Now that one has taken a look into the data set, one should be able to now create an itemset to develop the Association Rule Learning algorithm.

Before that, one must change the continuous numerical value to categorical.

In [66]:
df__adult['age range'] = pd.cut(df__adult['age'], range(df__adult['age'].min(), df__adult['age'].max(),5))
df__adult['capital-gain range'] = pd.cut(df__adult['capital-gain'], range(df__adult['capital-gain'].min(), df__adult['capital-gain'].max(), 5000))
df__adult['earning'] = df__adult['earning'].apply(lambda x: x.replace(".", ""))
# This is commented out as the capital-loss is all blank
# df__adult['capital-loss range'] = pd.cut(df__adult['capital-loss'], range(df__adult['capital-loss'].min(), df__adult['capital-loss'].max(), 5000))
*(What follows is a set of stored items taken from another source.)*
(* Let $L$ be a finite distributive lattice and $K=[\hat0_K,\hat1_K]$ a cutting of $L$. Then $$R(L\boxplus K,x)=\begin{cases}R(L,x)+x^{h_L(\hat0_K)+1}R(K,x), & \text{if }\hat1_K=\hat1_L;\\ R(K,x)+x\,R(L,x), &\text{if }\hat0_K=\hat0_L.\end{cases}$$
   Context: For a finite poset $P$, $\mathcal{F}(P)$ is the set of filters (up-sets) of $P$ ordered by reverse inclusion; every finite distributive lattice $L$ is isomorphic to some $\mathcal{F}(P)$; $\hat0_L,\hat1_L$ denote the least and greatest elements of $L$. A cutting of $L$ is an interval $K=[\hat0_K,\hat1_K]$ of $L$ such that every maximal chain of $L$ meets $K$. For a cutting $K$ of $L=\mathcal{F}(P)$, let $S=\hat0_K\setminus\hat1_K$, $S_0$ the set of maximal elements of $P\setminus\hat0_K$, $S_1$ the set of minimal elements of $\hat1_K$. The poset $P_K$ is $P\cup\{x_K\}$ ($x_K$ new) where the order on $P$ is unchanged, $z<x_K$ iff $z\le s$ for some $s\in S_0$, $x_K<y$ iff $y\ge s$ for some $s\in S_1$, and $x_K$ is incomparable to every element of $S$. The convex expansion is $L\boxplus K:=\mathcal{F}(P_K)$. For a finite distributive lattice $M$ and $a\in M$, $h_M(a)$ is the height of $a$ in $M$, and $R(M,x)=\sum_{a\in M}x^{h_M(a)}$ is the rank generating function. *)

theory Defs
  imports "HOL-Computational_Algebra.Polynomial"
begin

definition chain_on :: "'b set \<Rightarrow> ('b \<Rightarrow> 'b \<Rightarrow> bool) \<Rightarrow> 'b set \<Rightarrow> bool" where
  "chain_on M le C \<longleftrightarrow> C \<subseteq> M \<and> (\<forall>u\<in>C. \<forall>v\<in>C. le u v \<or> le v u)"

definition maximal_chain :: "'b set \<Rightarrow> ('b \<Rightarrow> 'b \<Rightarrow> bool) \<Rightarrow> 'b set \<Rightarrow> bool" where
  "maximal_chain M le C \<longleftrightarrow> chain_on M le C \<and> (\<forall>D. chain_on M le D \<and> C \<subseteq> D \<longrightarrow> D = C)"

definition height :: "'b set \<Rightarrow> ('b \<Rightarrow> 'b \<Rightarrow> bool) \<Rightarrow> 'b \<Rightarrow> nat" where
  "height M le a = Max ((\<lambda>C. card C - 1) ` {C. chain_on {b \<in> M. le b a} le C})"

definition rank_gen :: "'b set \<Rightarrow> ('b \<Rightarrow> 'b \<Rightarrow> bool) \<Rightarrow> int poly" where
  "rank_gen M le = (\<Sum>a\<in>M. monom 1 (height M le a))"

definition finite_poset :: "'a set \<Rightarrow> ('a \<Rightarrow> 'a \<Rightarrow> bool) \<Rightarrow> bool" where
  "finite_poset P le \<longleftrightarrow> finite P \<and> (\<forall>x\<in>P. le x x)
     \<and> (\<forall>x\<in>P. \<forall>y\<in>P. le x y \<and> le y x \<longrightarrow> x = y)
     \<and> (\<forall>x\<in>P. \<forall>y\<in>P. \<forall>z\<in>P. le x y \<and> le y z \<longrightarrow> le x z)"

definition filters :: "'a set \<Rightarrow> ('a \<Rightarrow> 'a \<Rightarrow> bool) \<Rightarrow> 'a set set" where
  "filters P le = {F. F \<subseteq> P \<and> (\<forall>x\<in>F. \<forall>y\<in>P. le x y \<longrightarrow> y \<in> F)}"

(* F(P) is ordered by reverse inclusion *)
definition rev_incl :: "'a set \<Rightarrow> 'a set \<Rightarrow> bool" where
  "rev_incl A B \<longleftrightarrow> B \<subseteq> A"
Now that the desired columns are in place, one is able to further develop the data set into an itemset by going from a pandas dataframe to a list.

In [67]:
data = []
for index, row in df__adult.iterrows():
    data.append([str(row['age range']),str(row['education']),str(row['earning'])])

In [70]:
a = TransactionEncoder()
a_data = a.fit(data).transform(data)
df = pd.DataFrame(a_data, columns=a.columns_)
df = df.replace(False, 0)
df = df.replace(True, 1)
df.head()

Unnamed: 0,10th,11th,12th,1st-4th,5th-6th,7th-8th,9th,<=50K,>50K,Assoc-acdm,Assoc-voc,Bachelors,Doctorate,HS-grad,Masters,Preschool,Prof-school,Some-college,"(17.0, 22.0]","(22.0, 27.0]","(27.0, 32.0]","(32.0, 37.0]","(37.0, 42.0]","(42.0, 47.0]","(47.0, 52.0]","(52.0, 57.0]","(57.0, 62.0]","(62.0, 67.0]","(67.0, 72.0]","(72.0, 77.0]","(77.0, 82.0]","(82.0, 87.0]",nan
0,0,0,0,0,0,0,0,1,0,0,0,1,0,0,0,0,0,0,0,0,0,0,1,0,0,0,0,0,0,0,0,0,0
1,0,0,0,0,0,0,0,1,0,0,0,1,0,0,0,0,0,0,0,0,0,0,0,0,1,0,0,0,0,0,0,0,0
2,0,0,0,0,0,0,0,1,0,0,0,0,0,1,0,0,0,0,0,0,0,0,1,0,0,0,0,0,0,0,0,0,0
3,0,1,0,0,0,0,0,1,0,0,0,0,0,0,0,0,0,0,0,0,0,0,0,0,0,1,0,0,0,0,0,0,0
4,0,0,0,0,0,0,0,1,0,0,0,1,0,0,0,0,0,0,0,0,1,0,0,0,0,0,0,0,0,0,0,0,0


Now let's apply the apriori algorithm.

In [71]:
df = apriori(df, min_support = 0.2, use_colnames=True, verbose=1)
df.head()

Processing 12 combinations | Sampling itemset size 2


Unnamed: 0,support,itemsets
0,0.760718,( <=50K)
1,0.239282,( >50K)
2,0.323164,( HS-grad)
3,0.222718,( Some-college)
4,0.271918,"( HS-grad, <=50K)"


Now that one has the supports as well as the 

In [74]:
df_ar = association_rules(df, metric="confidence", min_threshold=0.5)
df_ar

Unnamed: 0,antecedents,consequents,antecedent support,consequent support,support,confidence,lift,leverage,conviction
0,( HS-grad),( <=50K),0.323164,0.760718,0.271918,0.841422,1.106089,0.02608,1.508919


From the observation above, it seems that there is not any significant correlation in finance. The most one can obtain is that the probability of someone earning less than or equal to 50K given that they are HS-grad is 27.2%.